1. **Filtering.** Items are first triaged for relevance. Off-topic items are dropped. Roughly 60–80% of raw inputs are filtered out at this stage.
2. **Structured extraction.** Surviving items are passed to GPT-5.1 with a strict JSON schema asking for: event type, actors involved, location, date and time, casualties or damage, weapons or platforms involved, and a confidence rating for each field.
3. **Geolocation resolution.** Free-text locations are resolved against a gazetteer (Nominatim/OSM with manual overrides for disputed names and recent renamings). Items that cannot be resolved to coordinates with at least settlement-level precision are kept as text-only events and excluded from the map.
4. **Severity rating.** Each event is rated low / medium / high / critical using the rubric documented below.
5. **Deduplication.** New events are compared against the prior 72 hours of events using location proximity, event-type match, actor overlap, and embedding similarity on the description.
6. **Storage and indexing.** Final events are written to the database with full source attribution: original URL, source name, fetch timestamp, and the raw text the extraction was based on.

## 3. Severity rubric

- **Low**: Reported activity with no confirmed casualties or significant materiel damage.
- **Medium**: Confirmed casualties under 10, localised infrastructure damage, single munition strike with confirmed impact, vessel boarded/seized without sinking. Most daily conflict events fall here.
- **High**: Casualties between 10 and 100, multi-platform strike package, sustained engagement over hours, named operation begin/end, large-scale displacement event, ship sunk.
- **Critical**: Casualties above 100, strategic-weapon use, capital-city strike, major infrastructure (port, airport, power grid) destroyed, cross-border escalation, WMD-related event.

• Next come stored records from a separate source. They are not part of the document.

lemma has_integral_trapezoid_kernel:
  fixes u u' u'' :: "real \<Rightarrow> 'a::banach"
  assumes ab: "a < b"
    and cont: "continuous_on {a..b} u"
    and d1: "\<And>t. t \<in> {a<..<b} \<Longrightarrow> (u has_vector_derivative u' t) (at t)"
    and d2: "\<And>t. t \<in> {a<..<b} \<Longrightarrow> (u' has_vector_derivative u'' t) (at t)"
    and lim_a: "((\<lambda>t. (t - a) *\<^sub>R u' t) \<longlongrightarrow> 0) (at_right a)"
    and lim_b: "((\<lambda>t. (b - t) *\<^sub>R u' t) \<longlongrightarrow> 0) (at_left b)"
  shows "((\<lambda>t. ((b - t) * (t - a)) *\<^sub>R u'' t) has_integral
           (b - a) *\<^sub>R (u a + u b) - 2 *\<^sub>R integral {a..b} u) {a..b}"
proof -
  define W where "W t = ((b - t) * (t - a)) *\<^sub>R u' t" for t
  define G where "G t = W t - (a + b - 2 * t) *\<^sub>R u t - 2 *\<^sub>R integral {a..t} u" for t
  have W_cont: "continuous_on {a..b} W"
  proof (rule continuous_on_IccI[OF _ _ _ ab])
    have "((\<lambda>t. (b - t) *\<^sub>R ((t - a) *\<^sub>R u' t)) \<longlongrightarrow> (b - a) *\<^sub>R 0) (at_right a)"
      by (intro tendsto_intros lim_a tendsto_ident_at)
    then show "(W \<longlongrightarrow> W a) (at_right a)" by (simp add: W_def[abs_def])
    have "((\<lambda>t. (t - a) *\<^sub>R ((b - t) *\<^sub>R u' t)) \<longlongrightarrow> (b - a) *\<^sub>R 0) (at_left b)"
      by (intro tendsto_intros lim_b tendsto_ident_at)
    then show "(W \<longlongrightarrow> W b) (at_left b)" by (simp add: W_def[abs_def] mult.commute)
    fix x assume "a < x" "x < b"
    then have "isCont u' x" using d2 by (intro has_vector_derivative_continuous) auto
    then show "(W \<longlongrightarrow> W x) (at x)"
      unfolding W_def isCont_def by (intro tendsto_intros)
  qed
  have int_cont: "continuous_on {a..b} (\<lambda>t. integral {a..t} u)"
    by (rule indefinite_integral_continuous_1[OF integrable_continuous_interval[OF cont]])
  have "((\<lambda>t. ((b - t) * (t - a)) *\<^sub>R u'' t) has_integral G b - G a) {a..b}"
  proof (rule fundamental_theorem_of_calculus_interior)
    show "continuous_on {a..b} G"
      unfolding G_def by (intro continuous_intros W_cont cont int_cont)
    fix x assume x: "x \<in> {a<..<b}"
    have "((\<lambda>t. integral {a..t} u) has_vector_derivative u x) (at x)"
      using integral_has_vector_derivative[OF cont, of x] x by (simp add: at_within_Icc_at)
    then have "(G has_vector_derivative
        (((b - x) * (x - a)) *\<^sub>R u'' x + (a + b - 2 * x) *\<^sub>R u' x)
        - ((a + b - 2 * x) *\<^sub>R u' x + (- 2) *\<^sub>R u x) - 2 *\<^sub>R u x) (at x)"
      unfolding G_def W_def using x
      by (auto intro!: derivative_eq_intros d1 d2)
    then show "(G has_vector_derivative ((b - x) * (x - a)) *\<^sub>R u'' x) (at x)"
      by (rule has_vector_derivative_eq_rhs) (simp add: algebra_simps)
  qed (use ab in simp)
  moreover have "G b - G a = (b - a) *\<^sub>R (u a + u b) - 2 *\<^sub>R integral {a..b} u"
    by (simp add: G_def W_def algebra_simps)
  ultimately show ?thesis by simp
qed
(* Let $L_{\mathbb{Z}_p}$ be a lattice with integral quadratic form $Q_L$ and consider $\Lambda_0=L_{\mathbb{Z}_p}\perp H^2=L_{\mathbb{Z}_p}\oplus\mathbb{Z}_p^4$ with $Q(x_L,x_0,x_1,x_2,x_3)=Q_L(x_L)+x_0x_1+x_2x_3$. Let $w\in\Lambda_0$ with $Q(w)\neq0$. Then the orthogonal complement $\langle w\rangle^\perp=\{x\in\Lambda_0:\langle w,x\rangle=0\}$ (with the restricted form) is isometric to $H\perp\Lambda$ for some lattice $\Lambda$.
   Context: $\langle v,w\rangle=Q(v+w)-Q(v)-Q(w)$ is the bilinear form of $Q$; $Q_L$ integral means $Q_L(L_{\mathbb{Z}_p})\subseteq\mathbb{Z}_p$. $H$ denotes the hyperbolic plane $\mathbb{Z}_p^2$ with $Q(x,y)=xy$ and $H^2=H\perp H$. *)

theory Defs
  imports "HOL-Computational_Algebra.Primes"
begin

text \<open>p-adic integers, concretely: compatible sequences of residues x n in {0..<p^n}.\<close>
type_synonym padic = "nat \<Rightarrow> int"

definition Zp :: "int \<Rightarrow> padic set" where
  "Zp p = {x. \<forall>n. x n \<in> {0..<p ^ n} \<and> x (Suc n) mod p ^ n = x n}"

definition zp_zero :: padic where "zp_zero = (\<lambda>n. 0)"
definition zp_one :: "int \<Rightarrow> padic" where "zp_one p = (\<lambda>n. 1 mod p ^ n)"
definition zp_add :: "int \<Rightarrow> padic \<Rightarrow> padic \<Rightarrow> padic" where
  "zp_add p x y = (\<lambda>n. (x n + y n) mod p ^ n)"
definition zp_mul :: "int \<Rightarrow> padic \<Rightarrow> padic \<Rightarrow> padic" where
  "zp_mul p x y = (\<lambda>n. (x n * y n) mod p ^ n)"
definition zp_neg :: "int \<Rightarrow> padic \<Rightarrow> padic" where
  "zp_neg p x = (\<lambda>n. (- x n) mod p ^ n)"
definition zp_sub :: "int \<Rightarrow> padic \<Rightarrow> padic \<Rightarrow> padic" where
  "zp_sub p x y = zp_add p x (zp_neg p y)"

The rubric is calibrated against ACLED's event classification scheme so historical comparisons remain coherent.

## 4. What we do not do

- We do not perform original on-the-ground reporting. Every event traces to an open-source publication.
- We do not handle or republish classified material.
- We do not synthesise events. If a source did not report it, it is not in our database.
- We do not award severity ratings the model cannot defend against the rubric.
- We do not silently retract events. Corrections are versioned and visible in the per-event change log.

## 5. Known limitations

- **Source-language coverage skew.** English, Russian, Ukrainian, Hebrew, Arabic, French, and Spanish are well-covered. Burmese, Amharic, Tigrinya, Pashto, and several other conflict-relevant languages are under-covered relative to conflict intensity.
- **Telegram-channel selection bias.** Channels are selected for breadth; every channel has a perspective. Multi-source corroboration is required before publishing high-severity events, but bias remains.
- **First-report latency vs. correction latency.** The map prioritises freshness; high-severity events that later prove inaccurate may stay visible for up to 4 hours before the next briefing cycle re-evaluates them.
- **ADS-B / AIS gaps.** Coverage is dense over Europe, North America, and major shipping lanes; sparse over Africa, central Asia, and parts of the Pacific. Absence of a track is not evidence of absence.
- **Forecast calibration.** Strategic forecasts are model-generated and have not been back-tested against held-out events at publication time.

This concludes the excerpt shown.